[Foundation-l] Commons Usurp issue

geni geniice at gmail.com
Wed Jun 4 12:23:10 UTC 2008


2008/6/4 Andrew Whitworth <wknight8111 at gmail.com>:
> On Tue, Jun 3, 2008 at 10:46 PM, geni <geniice at gmail.com> wrote:
>> 2008/6/4 Andrew Whitworth <wknight8111 at gmail.com>:
>>> You cannot hold copyright anonymously,
>>
>> TITLE 17 > CHAPTER 3 > § 302 (c)
>>
>> "In the case of an anonymous work, a pseudonymous work, or a work made
>> for hire, the copyright endures for a term of 95 years from the year
>> of its first publication, or a term of 120 years from the year of its
>> creation, whichever expires first."
>
> You are right, copyright can be held anonymously. I should have said
> "it cannot be enforced anonymously". That is, you can't log in to
> court with your wikimedia user name.
>

That doesn't matter though.

>> Okey if you want a really formal phrasing. When you release work under
>> the GFDL you are free to chose what author name you put in the history
>> section any anyone who wants to use your work or create a derivative
>> of that they are stuck with your choice. Yes I am aware of the many
>> many ways this can be abused.
>
> Where in the GFDL does it say that the author can choose the method in
> which they must be attributed? The GFDL says only:

I didn't say that although in practice the GFDL does allow that due to
the preserve copyright notices bit but that is of no importance to the
current debate.

> "List on the Title Page, as authors, one or more persons or entities
> responsible for authorship ..."
>
> Listing "Whiteknight" on the title page as an author does not give me
> proper attribution. Hell, I'm not even the only Whiteknight in all of
> wikimedia (hence my interest in SUL conflict resolution). The GFDL
> says you must list a person or an entity, and your pseudonymous
> account name on a particular webserver counts as neither. The GFDL
> says that it must list authors, but does not say that we must list
> them in a manner that the authors themselves choose.  This
> stipulation, while nice, is not included in the license itself and so
> is just wishful thinking.

"Preserve the section Entitled "History""

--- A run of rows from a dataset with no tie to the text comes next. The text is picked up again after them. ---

locale induced_anti_pre_leibniz = leibniz_cocycle m w
  for m :: "'v::ab_group_add \<Rightarrow> 'v \<Rightarrow> 'v" and w :: "'v \<Rightarrow> 'v \<Rightarrow> 'k::field_char_0" +
  fixes sr pl :: "'v \<Rightarrow> 'v \<Rightarrow> 'v"
  assumes nondegenerate: "nondegenerate w"
    and sr_pairing: "w (sr x y) z = w y (m x z)"
    and pl_pairing: "w (pl x y) z = - w x (m y z + m z y)"
begin

lemma eq_if_pairings_eq: "(\<And>t. w a t = w b t) \<Longrightarrow> a = b"
  using nondegenerate_eqI[OF nondegenerate w_add_left] .

lemma sr_plus_pl: "sr x y + pl x y = m x y"
  by (rule eq_if_pairings_eq)
    (simp add: w_add_left sr_pairing pl_pairing skew[of "m x y"] cocycle[of _ x y])

lemma AL1: "pl (m x y) z = sr x (m y z) - sr y (m x z)"
  by (rule eq_if_pairings_eq)
    (simp add: w_diff_left sr_pairing pl_pairing cocycle_symmetrized_product)

lemma AL2: "sr (m x y) z = sr y (sr x z) - sr x (sr y z)"
  by (rule eq_if_pairings_eq) (simp add: w_diff_left sr_pairing leibniz_left w_diff_right)

lemma AL3: "pl x (m y z) = pl (sr y x) z - sr y (pl x z)"
proof (rule eq_if_pairings_eq)
  fix t
  have "m (m y z) t + m t (m y z) = m y (m z t + m t z) - (m z (m y t) + m (m y t) z)"
    by (simp add: derivation_symmetrized[of y z t])
  then show "w (pl x (m y z)) t = w (pl (sr y x) z - sr y (pl x z)) t"
    by (simp add: w_diff_left sr_pairing pl_pairing w_diff_right)
qed

lemma AL4: "pl (sr x y) z = - pl (pl y x) z"
proof (rule eq_if_pairings_eq)
  fix t
  have "w (pl (pl y x) z) t = w y (m x (m z t + m t z))"
    using symmetrized_left_annihilates[of z t x] by (simp add: pl_pairing)
  then show "w (pl (sr x y) z) t = w (- pl (pl y x) z) t"
    by (simp add: w_minus_left sr_pairing pl_pairing)
qed

end

lemma leibniz_cocycleI:
  fixes w :: "'v::ab_group_add \<Rightarrow> 'v \<Rightarrow> 'k::field_char_0"
  assumes "leibniz_algebra sc m" "bilinear_form sc w" "skew_symmetric w" "two_cocycle m w"
  shows "leibniz_cocycle m w"
proof
  have "bilinear_op sc m"
    using assms(1) unfolding leibniz_algebra_def by blast
  then show "m (a + b) c = m a c + m b c" "m c (a + b) = m c a + m c b" for a b c
    by (simp_all add: bilinear_opD)
  show "w c (a + b) = w c a + w c b" for a b c
    by (rule bilinear_formD(2)[OF assms(2)])
  show "w a b = - w b a" for a b
    using assms(3) unfolding skew_symmetric_def by blast
  show "m x (m y z) = m (m x y) z + m y (m x z)" for x y z
    using assms(1) unfolding leibniz_algebra_def by blast
  show "w z (m x y) = w x (m y z + m z y) - w y (m x z)" for x y z
    using assms(4) unfolding two_cocycle_def by blast
qed

lemma induced_products_exist:
  assumes "fin_dim_vs sc" "leibniz_algebra sc m" "bilinear_form sc w" "nondegenerate w"
  shows "\<exists>sr pl. (\<forall>x y z. w (sr x y) z = w y (m x z)) \<and>
                 (\<forall>x y z. w (pl x y) z = - w x (m y z + m z y))"
proof -
  have vs: "vector_space sc" and bm: "bilinear_op sc m"
    using assms(2) unfolding leibniz_algebra_def by blast+
  obtain r where r: "\<And>f z. Vector_Spaces.linear sc (*) f \<Longrightarrow> w (r f) z = f z"
    using nondegenerate_represents_linear_functional[OF assms(1,3,4)] by metis
  note bilinear = bilinear_opD[OF bm] bilinear_formD[OF assms(3)]
  have "\<forall>x y z. w (r (\<lambda>z. w y (m x z))) z = w y (m x z)"
    by (intro allI r linear_functionalI[OF vs]) (simp_all add: bilinear)
  moreover have "\<forall>x y z. w (r (\<lambda>z. - w x (m y z + m z y))) z = - w x (m y z + m z y)"
    by (intro allI r linear_functionalI[OF vs]) (simp_all add: bilinear algebra_simps)
  ultimately show ?thesis
    by (intro exI[where x = "\<lambda>x y. r (\<lambda>z. w y (m x z))"]
        exI[where x = "\<lambda>x y. r (\<lambda>z. - w x (m y z + m z y))"]) simp
qed

lemma quadratic_apl_induced:
  fixes w :: "'v::ab_group_add \<Rightarrow> 'v \<Rightarrow> 'k::field_char_0"
  assumes "leibniz_algebra sc m" "bilinear_form sc w" "nondegenerate w" "skew_symmetric w"
    "two_cocycle m w"
    and sr: "\<And>x y z. w (sr x y) z = w y (m x z)"
    and pl: "\<And>x y z. w (pl x y) z = - w x (m y z + m z y)"
  shows "(\<forall>x y. sr x y + pl x y = m x y) \<and> quadratic_apl sc sr pl w"
proof -
  interpret induced_anti_pre_leibniz m w sr pl
    using leibniz_cocycleI[OF assms(1,2,4,5)] assms(3) sr pl
    by (simp add: induced_anti_pre_leibniz_def induced_anti_pre_leibniz_axioms_def)
  have vs: "vector_space sc" and bm: "bilinear_op sc m"
    using assms(1) unfolding leibniz_algebra_def by blast+
  note bilinear = bilinear_opD[OF bm] bilinear_formD[OF assms(2)]
  note linear_from_pairing = linear_if_paired_linear[OF vs assms(2,3)]
  have "bilinear_op sc sr"
    unfolding bilinear_op_def
    by (intro allI conjI linear_from_pairing linear_functionalI[OF vs]) (simp_all add: sr bilinear)
  moreover have "bilinear_op sc pl"
    unfolding bilinear_op_def
    by (intro allI conjI linear_from_pairing linear_functionalI[OF vs])
      (simp_all add: pl bilinear algebra_simps)
  ultimately show ?thesis
    unfolding quadratic_apl_def anti_pre_leibniz_def apl_invariant_def Let_def sr_plus_pl
    using vs assms(2-4) AL1 AL2 AL3 AL4 sr pl by blast
qed

theorem proposition2p22:
  fixes sc :: "'k::field_char_0 \<Rightarrow> 'v::ab_group_add \<Rightarrow> 'v"
  assumes "fin_dim_vs sc"
  shows
    "(\<forall>sr pl (w :: 'v \<Rightarrow> 'v \<Rightarrow> 'k). quadratic_apl sc sr pl w \<longrightarrow>
        leibniz_algebra sc (\<lambda>x y. sr x y + pl x y) \<and> bilinear_form sc w \<and>
        nondegenerate w \<and> skew_symmetric w \<and> two_cocycle (\<lambda>x y. sr x y + pl x y) w)
     \<and>
     (\<forall>m (w :: 'v \<Rightarrow> 'v \<Rightarrow> 'k). leibniz_algebra sc m \<and> bilinear_form sc w \<and>
        nondegenerate w \<and> skew_symmetric w \<and> two_cocycle m w \<longrightarrow>
        (\<exists>sr pl. (\<forall>x y z. w (sr x y) z = w y (m x z)) \<and>
                 (\<forall>x y z. w (pl x y) z = - w x (m y z + m z y))) \<and>
        (\<forall>sr pl. (\<forall>x y z. w (sr x y) z = w y (m x z)) \<and>
                 (\<forall>x y z. w (pl x y) z = - w x (m y z + m z y)) \<longrightarrow>
           (\<forall>x y. sr x y + pl x y = m x y) \<and> quadratic_apl sc sr pl w))"
proof (rule conjI; intro allI impI)
  fix sr pl and w :: "'v \<Rightarrow> 'v \<Rightarrow> 'k"
  assume "quadratic_apl sc sr pl w"
  then show "leibniz_algebra sc (\<lambda>x y. sr x y + pl x y) \<and> bilinear_form sc w \<and>
      nondegenerate w \<and> skew_symmetric w \<and> two_cocycle (\<lambda>x y. sr x y + pl x y) w"
    unfolding quadratic_apl_def
    using leibniz_algebra_sub_adjacent two_cocycle_sub_adjacent by blast
next
  fix m and w :: "'v \<Rightarrow> 'v \<Rightarrow> 'k"
  assume "leibniz_algebra sc m \<and> bilinear_form sc w \<and> nondegenerate w \<and>
      skew_symmetric w \<and> two_cocycle m w"
  then show "(\<exists>sr pl. (\<forall>x y z. w (sr x y) z = w y (m x z)) \<and>
                 (\<forall>x y z. w (pl x y) z = - w x (m y z + m z y))) \<and>
        (\<forall>sr pl. (\<forall>x y z. w (sr x y) z = w y (m x z)) \<and>
                 (\<forall>x y z. w (pl x y) z = - w x (m y z + m z y)) \<longrightarrow>
           (\<forall>x y. sr x y + pl x y = m x y) \<and> quadratic_apl sc sr pl w)"
    using induced_products_exist[OF assms, of m w] quadratic_apl_induced[of sc m w] by blast
qed

end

>> The author lets you use those contributions as long as you do not
>> modify the ah author name they put in the history section.
>
> Again, nice but not specified in the license. The author lets you use
> those contributions as long as you properly attribute the author.

No they let you use them as long as you follow the GFDL. You appear to
be describeing CC-BY.

> Whether you attribute the author using one pseudonym or another (so
> long as both can be traced back to the author uniquely) makes no
> difference.

"Preserve the section Entitled "History"" You got that yet? You want
to make of derivative of a work someone has released under the GFDL
you "Preserve the section Entitled "History"".

There is no way around this. That you are also trying to take a course
of action that will put you in breach of most common law based legal
systems let alone Napoleonic code based legal systems doesn't help.